While in France, the virus measleshas been on the rise for three years, due to an excessively low rate of vaccination coverage, the United States have just announced, in the review Jama Pediatrics, that this disease, along with rubella, has been officially wiped out from North America. The Center for Disease Control, which announced in 2011 that it was going to war against the measles and rubella viruses, therefore seems to have overcome these two contagious diseases for which there is a vaccine.
Diseases eliminated does not mean that they have completely disappeared and that there will no longer be a few cases reported sporadically. We speak of elimination of a disease when no chain transmission takes place for a year or more. This is therefore the case in the United States, where the incidence of measles has remained under one case per 1 million inhabitants and where the incidence of rubella has remained stable at one case per 10 million inhabitants since. ten years.

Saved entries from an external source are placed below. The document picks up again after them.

lemma play_ext_first_divergence:
  assumes ne: "g \<noteq> []" and diff: "play_ext G g \<noteq> play_ext F g"
  obtains m where "length g \<le> Suc m" "G (hist_upto (play_ext G g) m) \<noteq> F (hist_upto (play_ext G g) m)"
    "play_ext F (hist_upto (play_ext G g) m) = play_ext F g"
proof -
  let ?P = "\<lambda>m. length g \<le> Suc m \<and> G (hist_upto (play_ext G g) m) \<noteq> F (hist_upto (play_ext G g) m)"
  have "\<exists>m. ?P m"
  proof (rule ccontr)
    assume "\<not> (\<exists>m. ?P m)"
    hence "play_ext F g = play_ext G g" by (intro play_ext_cong[OF ne]) auto
    thus False using diff by simp
  qed
  hence m: "?P (LEAST m. ?P m)" by (rule LeastI_ex)
  have "play_ext G g j = play_ext F g j" if "j \<le> (LEAST m. ?P m)" for j
    by (rule play_ext_agree_until[OF ne _ that]) (use not_less_Least in blast)
  hence "hist_upto (play_ext G g) (LEAST m. ?P m) = hist_upto (play_ext F g) (LEAST m. ?P m)"
    by (rule hist_upto_cong)
  hence "play_ext F (hist_upto (play_ext G g) (LEAST m. ?P m)) = play_ext F g"
    using play_ext_hist_upto[OF ne] m by simp
  thus ?thesis using m that by blast
qed

lemma play_ext_drop:
  assumes "k < length h"
  shows "(\<lambda>j. play_ext (\<lambda>g. G (drop k g)) h (k + j)) = play_ext G (drop k h)"
proof (rule play_ext_unique)
  show "drop k h \<noteq> []" using assms by simp
  show "\<forall>m<length (drop k h). play_ext (\<lambda>g. G (drop k g)) h (k + m) = drop k h ! m"
    by (auto simp: play_ext_less)
  show "\<forall>m. length (drop k h) \<le> Suc m \<longrightarrow> play_ext (\<lambda>g. G (drop k g)) h (k + Suc m)
          = G (hist_upto (\<lambda>j. play_ext (\<lambda>g. G (drop k g)) h (k + j)) m)"
  proof (intro allI impI)
    fix m assume "length (drop k h) \<le> Suc m"
    hence "length h \<le> Suc (k + m)" using assms by simp
    thus "play_ext (\<lambda>g. G (drop k g)) h (k + Suc m)
          = G (hist_upto (\<lambda>j. play_ext (\<lambda>g. G (drop k g)) h (k + j)) m)"
      by (simp add: play_ext_Suc flip: drop_hist_upto)
  qed
qed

In France, a vaccine coverage rate of 95% would have to be achieved to eliminate the disease. Two injections of the “trivalent” measles-rubella-mumps (MMR) vaccine are necessary to be effectively protected, yet the two-dose vaccination rate is only 67% today in France.

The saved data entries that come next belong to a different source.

(* For all integers $k\ge 2$, $\ell\ge 3$ and $r\ge 2$, \[ R(P_\ell^{(k)};r)\le (k-1)\ell r . \]
   Context: A $k$-uniform hypergraph ($k$-graph) is a pair (vertex set, set of $k$-element subsets called edges). For integers $k\ge 2$ and $\ell\ge 0$, the loose path $P_\ell^{(k)}$ is the $k$-graph with vertex set $\{v_1,\dots,v_{(k-1)\ell+1}\}$ and edges $e_i=\{v_{(i-1)(k-1)+q}:1\le q\le k\}$, $i=1,\dots,\ell$; so consecutive edges share exactly one vertex and non-consecutive edges are disjoint ($P_0^{(k)}$ is a single vertex, $P_1^{(k)}$ a single edge, and $P_\ell^{(2)}$ is the graph path with $\ell$ edges). $K_n^{(k)}$ denotes the complete $k$-graph on $n$ vertices. For a $k$-graph $H$ and integer $r\ge 2$, the multicolor Ramsey number $R(H;r)$ is the minimum $n$ such that every coloring of the edges of $K_n^{(k)}$ with $r$ colors contains a monochromatic copy of $H$. *)

theory Defs
  imports Main
begin

text \<open>Edges of the loose path P_l^(k) on vertex set {0..<(k-1)*l+1}
  (0-indexed version of v_1..v_{(k-1)l+1}); edge i (i<l) is
  {(k-1)*i + q | q < k}.\<close>
definition loose_path_edges :: "nat \<Rightarrow> nat \<Rightarrow> nat set set" where
  "loose_path_edges k l = {{(k-1)*i + q | q. q < k} | i. i < l}"

definition loose_path_verts :: "nat \<Rightarrow> nat \<Rightarrow> nat set" where
  "loose_path_verts k l = {0..<(k-1)*l+1}"

definition has_mono_loose_path ::
  "nat \<Rightarrow> nat \<Rightarrow> nat \<Rightarrow> (nat set \<Rightarrow> nat) \<Rightarrow> bool" where
  "has_mono_loose_path k l n col \<longleftrightarrow>
     (\<exists>f c. inj_on f (loose_path_verts k l) \<and> f ` loose_path_verts k l \<subseteq> {0..<n} \<and>
        (\<forall>e\<in>loose_path_edges k l. col (f ` e) = c))"

definition loose_path_arrows :: "nat \<Rightarrow> nat \<Rightarrow> nat \<Rightarrow> nat \<Rightarrow> bool" where
  "loose_path_arrows k l r n \<longleftrightarrow>
     (\<forall>col. (\<forall>e. e \<subseteq> {0..<n} \<and> card e = k \<longrightarrow> col e < r) \<longrightarrow>
        has_mono_loose_path k l n col)"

This free vaccine (it is 100% covered by Health Insurance) is administered to toddlers according to the following vaccination schedule: one dose at 12 months and a second dose between 16 and 18 months. But to stop active transmission of the virus, all people born since 1980 who have not been vaccinated or who have only received a single dose of the vaccine (and who have never had measles) should have a catch-up vaccination. However, this is far from being the case, because the disease is not frightening, unlike vaccines.